Si narra di due ragazzi, giovani amanti, lasciati sul Monte Partenio in balìa del freddo e dei feroci lupi irpini: la comunità non comprendeva e non tollerava che due persone dello stesso sesso potessero amarsi. E allora intervenne “Mamma Schiavona”, una delle sette Madonne sorelle in Campania l’unica Madonna nera.
Mamma Schiavona ebbe compassione di questi due giovani amanti e, commossa per quel loro grande amore, salvò entrambi che vissero felici e contenti, come in ogni favola a lieto fine.
Da quel giorno ogni 2 febbraio tutti i “femminielli” salgono a Montevergine per rendere omaggio alla loro “Patrona”, tra canti, balli e tammorre, tra sorrisi e lacrime.
E così la saggezza popolare, nella sua semplicità, ha di fatto aperto uno spiraglio a tutti coloro “diversamente amanti”, e aprendo loro la via per la tolleranza e per il rispetto. La “Juta dei femminielli” del 2 febbraio, ovviamente non riguarda solo gli omossessuali o i trans, ma coinvolge tantissima gente di ogni estrazione sociale.
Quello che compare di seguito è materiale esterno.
(* Let $m\in\mathbb{Z}^+$ and $r\in\mathbb{Z}$ be relatively prime. Then for any $n\in\mathbb{Z}^+$ (such that $km+r\neq0$ for $0\le k\le n-1$), $$\frac1n\sum_{k=0}^{n-1}\frac1{km+r}\equiv\frac1r+\frac m2[\![2\mid n]\!]\pmod m,$$ where $[\![2\mid n]\!]$ is $1$ if $n$ is even and $0$ otherwise.
   Context: For rational numbers $u,v$, $u\equiv v\pmod m$ means that $(u-v)/m$ is a rational number whose reduced denominator is coprime to $m$. *)

theory Defs
  imports "HOL-Computational_Algebra.Computational_Algebra"
begin

definition rat_cong :: "rat \<Rightarrow> rat \<Rightarrow> int \<Rightarrow> bool" where
  "rat_cong u v m \<longleftrightarrow> coprime (snd (quotient_of ((u - v) / of_int m))) m"

end

theory Submission
  imports Defs
begin

text \<open>Write \<open>D(n, m, r) = ((1/n) \<Sum>k<n. 1/(km + r) - 1/r - (m/2)[2 | n]) / m\<close>; the claim is
  that the denominator of \<open>D(n, m, r)\<close> is coprime to \<open>m\<close>. We prove this for every \<open>M\<close> with
  \<open>M | m\<close> and \<open>gcd(M, r) = 1\<close>, by induction over the prime factorisation of \<open>n\<close>; these two
  conditions survive the substitution \<open>(m, r) \<mapsto> (am, im + r)\<close>.
  Splitting \<open>k = i + aj\<close> cuts a sum of length \<open>ab\<close> into \<open>a\<close> sums of length \<open>b\<close>, which gives
  \<open>D(ab, m, r) = D(a, m, r) + \<Sum>i<a. D(b, am, im + r)\<close> up to an integer. For a prime length \<open>q\<close>,
  expanding \<open>1/(r + km)\<close> to second order in \<open>km\<close> gives
  \<open>D(q, m, r) = -(q - 1 + r\<^sup>2 [2 | q]) / (2r\<^sup>2) + (m/q) E\<close>, where \<open>E\<close> is a sum of fractions
  with denominators coprime to \<open>M\<close>; \<open>m/q\<close> is harmless because \<open>q\<close> is prime, and the first
  term because \<open>r\<close> is odd when \<open>M\<close> is even.\<close>

definition denom_coprime :: "int \<Rightarrow> rat \<Rightarrow> bool" where
  "denom_coprime M x \<longleftrightarrow> coprime (snd (quotient_of x)) M"

lemma denom_coprimeE:
  assumes "denom_coprime M x"
  obtains a b where "coprime b M" "b \<noteq> 0" "x = of_int a / of_int b"
proof -
  obtain a b where q: "quotient_of x = (a, b)"
    by (cases "quotient_of x")
  show ?thesis
  proof
    show "coprime b M"
      using assms q unfolding denom_coprime_def by simp
    show "b \<noteq> 0"
      using quotient_of_denom_pos[OF q] by simp
    show "x = of_int a / of_int b"
      using quotient_of_div[OF q] .
  qed
qed

lemma denom_coprimeI:
  assumes "coprime b M"
  shows "denom_coprime M (of_int a / of_int b)"
proof (cases "b = 0")
  case True
  then show ?thesis by (simp add: denom_coprime_def)
next
  case False
  obtain p q where pq: "quotient_of (of_int a / of_int b) = (p, q)"
    by (cases "quotient_of (of_int a / of_int b :: rat)")
  have "of_int p / of_int q = (of_int a / of_int b :: rat)"
    using quotient_of_div[OF pq] by simp
  then have "p * b = a * q"
    using False quotient_of_denom_pos[OF pq] by (simp add: field_simps flip: of_int_mult)
  then have "q dvd p * b"
    by simp
  then have "q dvd b"
    using quotient_of_coprime[OF pq] by (metis coprime_commute coprime_dvd_mult_right_iff)
  then have "coprime q M"
    using assms by (meson coprime_divisors dvd_refl)
  then show ?thesis
    using pq by (simp add: denom_coprime_def)
qed

lemma denom_coprime_of_int: "denom_coprime M (of_int a)"
  using denom_coprimeI[of 1 M a] by simp

lemma denom_coprime_add:
  assumes "denom_coprime M x" "denom_coprime M y"
  shows "denom_coprime M (x + y)"
proof -
  obtain a b where ab: "coprime b M" "b \<noteq> 0" "x = of_int a / of_int b"
    using assms(1) by (rule denom_coprimeE)
  obtain c d where cd: "coprime d M" "d \<noteq> 0" "y = of_int c / of_int d"
    using assms(2) by (rule denom_coprimeE)
  have "x + y = of_int (a * d + c * b) / of_int (b * d)"
    using ab cd by (simp add: field_simps)
  moreover have "coprime (b * d) M"
    using ab cd by simp
  ultimately show ?thesis
    by (simp only: denom_coprimeI)
qed

lemma denom_coprime_mult:
  assumes "denom_coprime M x" "denom_coprime M y"
  shows "denom_coprime M (x * y)"
proof -
  obtain a b where ab: "coprime b M" "b \<noteq> 0" "x = of_int a / of_int b"
    using assms(1) by (rule denom_coprimeE)
  obtain c d where cd: "coprime d M" "d \<noteq> 0" "y = of_int c / of_int d"
    using assms(2) by (rule denom_coprimeE)
  have "x * y = of_int (a * c) / of_int (b * d)"
    using ab cd by (simp flip: of_int_mult)
  moreover have "coprime (b * d) M"
    using ab cd by simp
  ultimately show ?thesis
    by (simp only: denom_coprimeI)
qed

lemma denom_coprime_sum:
  "(\<And>i. i \<in> A \<Longrightarrow> denom_coprime M (f i)) \<Longrightarrow> denom_coprime M (\<Sum>i\<in>A. f i)"
  by (induction A rule: infinite_finite_induct)
    (auto intro: denom_coprime_add simp: denom_coprime_of_int[of M 0, simplified])

lemma denom_coprime_divide_double:
  assumes "coprime b M" and "even M \<Longrightarrow> even a"
  shows "denom_coprime M (of_int a / of_int (2 * b))"
proof (cases "even M")
  case True
  then obtain t where "a = 2 * t"
    using assms(2) by blast
  then have "(of_int a / of_int (2 * b) :: rat) = of_int t / of_int b"
    by simp
  then show ?thesis
    using denom_coprimeI[OF assms(1)] by simp
next
  case False
  then have "coprime 2 M"
    by (intro prime_imp_coprime) auto
  then show ?thesis
    using assms(1) by (intro denom_coprimeI) simp
qed

lemma coprime_add_multiple:
  fixes M m r k :: int
  assumes "M dvd m" "coprime M r"
  shows "coprime M (k * m + r)"
proof -
  obtain c where "m = M * c"
    using assms(1) by blast
  then have "gcd M (k * m + r) = gcd M ((k * c) * M + r)"
    by (simp add: ac_simps)
  also have "\<dots> = gcd M r"
    by (rule gcd_add_mult)
  finally show ?thesis
    using assms(2) by (simp add: coprime_iff_gcd_eq_1)
qed

definition recip_sum :: "nat \<Rightarrow> int \<Rightarrow> int \<Rightarrow> rat" where
  "recip_sum n m r = (\<Sum>k<n. 1 / of_int (int k * m + r))"

definition recip_defect :: "nat \<Rightarrow> int \<Rightarrow> int \<Rightarrow> rat" where
  "recip_defect n m r =
     (recip_sum n m r / of_nat n - 1 / of_int r - of_int m / 2 * of_bool (even n)) / of_int m"

lemma recip_sum_eq_defect:
  assumes "n > 0" "m \<noteq> 0"
  shows "recip_sum n m r = of_nat n *
    (1 / of_int r + of_int m / 2 * of_bool (even n) + of_int m * recip_defect n m r)"
  using assms unfolding recip_defect_def by (simp add: field_simps)

lemma recip_defect_one: "recip_defect 1 m r = 0"
  by (simp add: recip_defect_def recip_sum_def)

lemma sum_lessThan_mult:
  fixes a b :: nat
  shows "(\<Sum>k<a * b. f k) = (\<Sum>i<a. \<Sum>j<b. f (i + a * j))"
proof (induction b)
  case 0
  then show ?case by simp
next
  case (Suc b)
  have "(\<Sum>k<a * Suc b. f k) = (\<Sum>k<a * b. f k) + (\<Sum>k\<in>{a * b..<a * b + a}. f k)"
    by (simp add: lessThan_atLeast0 sum.atLeastLessThan_concat add.commute)
  also have "(\<Sum>k\<in>{a * b..<a * b + a}. f k) = (\<Sum>i<a. f (i + a * b))"
    using sum.shift_bounds_nat_ivl[of f 0 "a * b" a] by (simp add: lessThan_atLeast0 add.commute)
  finally show ?case
    using Suc by (simp add: sum.distrib)
qed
Anche questa manifestazione, come tante altre, è di origine pagana, interessante notare come coincida con quella della “Candelora” in cui si accendono candele di ringraziamento per la “purificazione”di Maria Vergine, 40 giorni dopo avere partorito Gesù.
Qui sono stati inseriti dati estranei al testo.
lemma card_PiE_fixing_coordinates_le:
  fixes D :: "'v \<Rightarrow> 'a set"
  assumes "finite H" "W \<subseteq> H" "\<And>v. v \<in> H \<Longrightarrow> finite (D v)"
    and P_indep: "\<And>X X'. \<forall>v\<in>H - W. X v = X' v \<Longrightarrow> P X \<Longrightarrow> P X'"
  shows "card {X\<in>PiE H D. (\<forall>v\<in>W. X v = z v) \<and> P X} * (\<Prod>v\<in>W. card (D v))
           \<le> card {X\<in>PiE H D. P X}"
proof -
  define F where "F = {X\<in>PiE H D. (\<forall>v\<in>W. X v = z v) \<and> P X}"
  define glue :: "('v \<Rightarrow> 'a) \<times> ('v \<Rightarrow> 'a) \<Rightarrow> 'v \<Rightarrow> 'a"
    where "glue = (\<lambda>(X, Y) v. if v \<in> W then Y v else X v)"
  have "card F * (\<Prod>v\<in>W. card (D v)) = card (F \<times> PiE W D)"
    using finite_subset[OF assms(2,1)] by (simp add: card_cartesian_product card_PiE)
  also have "\<dots> \<le> card {X\<in>PiE H D. P X}"
  proof (rule card_inj_on_le)
    show "inj_on glue (F \<times> PiE W D)"
    proof (rule inj_onI)
      fix u u' assume "u \<in> F \<times> PiE W D" "u' \<in> F \<times> PiE W D" "glue u = glue u'"
      then show "u = u'"
        by (cases u, cases u') (auto simp: glue_def F_def fun_eq_iff PiE_def extensional_def split: if_splits, metis)
    qed
    show "glue ` (F \<times> PiE W D) \<subseteq> {X\<in>PiE H D. P X}"
    proof (rule image_subsetI)
      fix u assume "u \<in> F \<times> PiE W D"
      then show "glue u \<in> {X\<in>PiE H D. P X}"
        using assms(2) P_indep[of "fst u"] by (cases u) (auto simp: glue_def F_def PiE_def extensional_def)
    qed
    show "finite {X\<in>PiE H D. P X}"
      using assms by (simp add: finite_PiE)
  qed
  finally show ?thesis unfolding F_def .
qed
Citando lo studioso napoletano Achille Della Ragione:
«… Non è altro che un rituale derivante dall’antico rito della fecondità, praticato per secoli nella nostra città. La figliata si svolge segretamente alle pendici del Vesuvio, a Torre del Greco, ed è stata descritta accuratamente con accenti vivaci da Malaparte nel suo libro “La pelle” e dalla regista Cavani nell’omonimo film. Questa originale iniziazione ad una femminilità particolare prevedeva un utilizzo di segrete conoscenze alchemiche, oggi perdute ed avveniva durante periodici festeggiamenti per l’avvenuta nascita del “maschio-femmina”, dagli iniziati chiamata “Rebis”, res + bis, cosa doppia. Il rituale, descritto nella “Napoli esoterica” di Buonoconto, richiedeva la presenza di un ermafrodito, l’unica creatura che contenesse i due elementi in cui è suddivisa tutta la natura. I
greci, da cui discendiamo, ritenevano divino l’ermafrodito, perché figlio della bellezza (Afrodite) e della forza (Ermes). Naturalmente nel tempo la purezza ideale dell’ermafrodito alchemico si è in parte smarrita, sostituita dalla più materiale ambiguità del femminiello, ma l’antica memoria del rito non è andata del tutto smarrita e conserva immutata ancora oggi la forte carica simbolica, che suggestiona a tal punto alcuni soggetti, da fargli provare le stesse emozioni ed i lancinanti dolori del parto
[…] ».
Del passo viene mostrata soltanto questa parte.